Let me stress here that I have no evidence that the feds' pursuit of Dr. Weiner is in any way related to his outspoken criticism of Steven Hayne and Mississippi's death investigation system. But it sure seems like someone had a reason to . . . well, I'll just defer to Judge Biggers, here:
Judge Biggers asked some pointed questions: Why are they prosecuting him? Judge Biggers also said, "Something is going on here that is not on the surface that they would bring in 3 government agents in contact with him over and over again. When he didn't express interest, they bring in another one. Something is going on that is not evident. Perhaps [U.S. Attorney] Mr. Roberts can explain it."
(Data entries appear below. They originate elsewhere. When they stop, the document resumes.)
lemma sgn_mem_spherical_cap:
  fixes v :: "'a::euclidean_space"
  assumes "1 \<le> norm v"
  shows "sgn v \<in> spherical_cap v"
  using assms sgn_inner_self[of v] by (auto simp: spherical_cap_def norm_sgn)

lemma exists_add_scaleR_in_ball:
  fixes u v :: "'a::real_inner"
  assumes "norm u = 1" "u \<bullet> v < 0" "(norm v)\<^sup>2 - (u \<bullet> v)\<^sup>2 < 1"
  shows "\<exists>l>0. v + l *\<^sub>R u \<in> ball 0 1"
proof (intro exI conjI)
  show "- (u \<bullet> v) > 0"
    using assms(2) by simp
  have "(norm (v + (- (u \<bullet> v)) *\<^sub>R u))\<^sup>2 < 1\<^sup>2"
    using norm_diff_inner_scaleR_sq[OF assms(1), of v] assms(3) by simp
  then show "v + (- (u \<bullet> v)) *\<^sub>R u \<in> ball 0 1"
    by (simp add: power_less_imp_less_base)
qed

text \<open>The two ways of failing to enter the ball are witnessed by the centre \<open>sgn v\<close> of
  the cap and by the unit vector in the direction of the component of \<open>v\<close> orthogonal to \<open>u\<close>.\<close>
lemma exists_add_scaleR_in_ball_if_spherical_cap_subset:
  fixes u v :: "'a::euclidean_space"
  assumes "1 \<le> norm v" "norm u = 1" and cap: "spherical_cap v \<subseteq> Hem (- u)"
  shows "\<exists>l>0. v + l *\<^sub>R u \<in> ball 0 1"
proof (rule exists_add_scaleR_in_ball[OF assms(2)])
  have "v \<noteq> 0"
    using assms(1) by auto
  have "sgn v \<bullet> u < 0"
    using sgn_mem_spherical_cap[OF assms(1)] cap by (auto simp: Hem_def)
  then show "u \<bullet> v < 0"
    using \<open>v \<noteq> 0\<close> by (simp add: sgn_div_norm inner_commute mult_less_0_iff)
  define p where "p = v - (u \<bullet> v) *\<^sub>R u"
  have p2: "(norm p)\<^sup>2 = (norm v)\<^sup>2 - (u \<bullet> v)\<^sup>2"
    unfolding p_def by (rule norm_diff_inner_scaleR_sq[OF assms(2)])
  show "(norm v)\<^sup>2 - (u \<bullet> v)\<^sup>2 < 1"
  proof (rule ccontr)
    assume "\<not> ?thesis"
    then have p1: "1 \<le> norm p"
      using p2 abs_le_square_iff[of 1 "norm p"] by simp
    have "u \<bullet> u = 1"
      using assms(2) by (simp add: power2_norm_eq_inner[symmetric])
    then have "sgn p \<bullet> u = 0"
      by (simp add: p_def sgn_div_norm inner_diff_left inner_diff_right inner_commute)
    have "sgn p \<bullet> v = sgn p \<bullet> (p + (u \<bullet> v) *\<^sub>R u)"
      by (simp add: p_def)
    also have "\<dots> = norm p"
      using \<open>sgn p \<bullet> u = 0\<close> by (simp add: inner_add_right sgn_inner_self)
    finally have "sgn p \<in> spherical_cap v"
      using p1 by (auto simp: spherical_cap_def norm_sgn)
    with \<open>sgn p \<bullet> u = 0\<close> show False
      using cap by (auto simp: Hem_def)
  qed
qed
Other comments from the bench: "You've come a long way from the purpose of this statute in the bringing of this charge." "It took five F.B.I. agents…to arrest him?" (This drew a response from the prosecutor hemming and hawing about not being able to assume things just because the arrest involves a doctor and not second guessing the agents about safety). And: "This case seems like overload."
It sure does. Let's assume for a second that the feds' pursuit of Weiner has nothing to do with his criticism of Hayne, the Coahoma County coroner, the medical establishment in Mississippi, or that it has any political motivation whatsoever. Let's just look at it as a question of priorities. Because that's troubling enough. Hayne and Michael West have been corrupting Mississippi's justice system for 20 years, with little attention from the federal government. Yet the FBI and U.S. Attorney's office have time to devote three agents and a team of prosecutors to invoke a century-old law against sex slavery to entrap a man who was using an Internet dating site to meet women.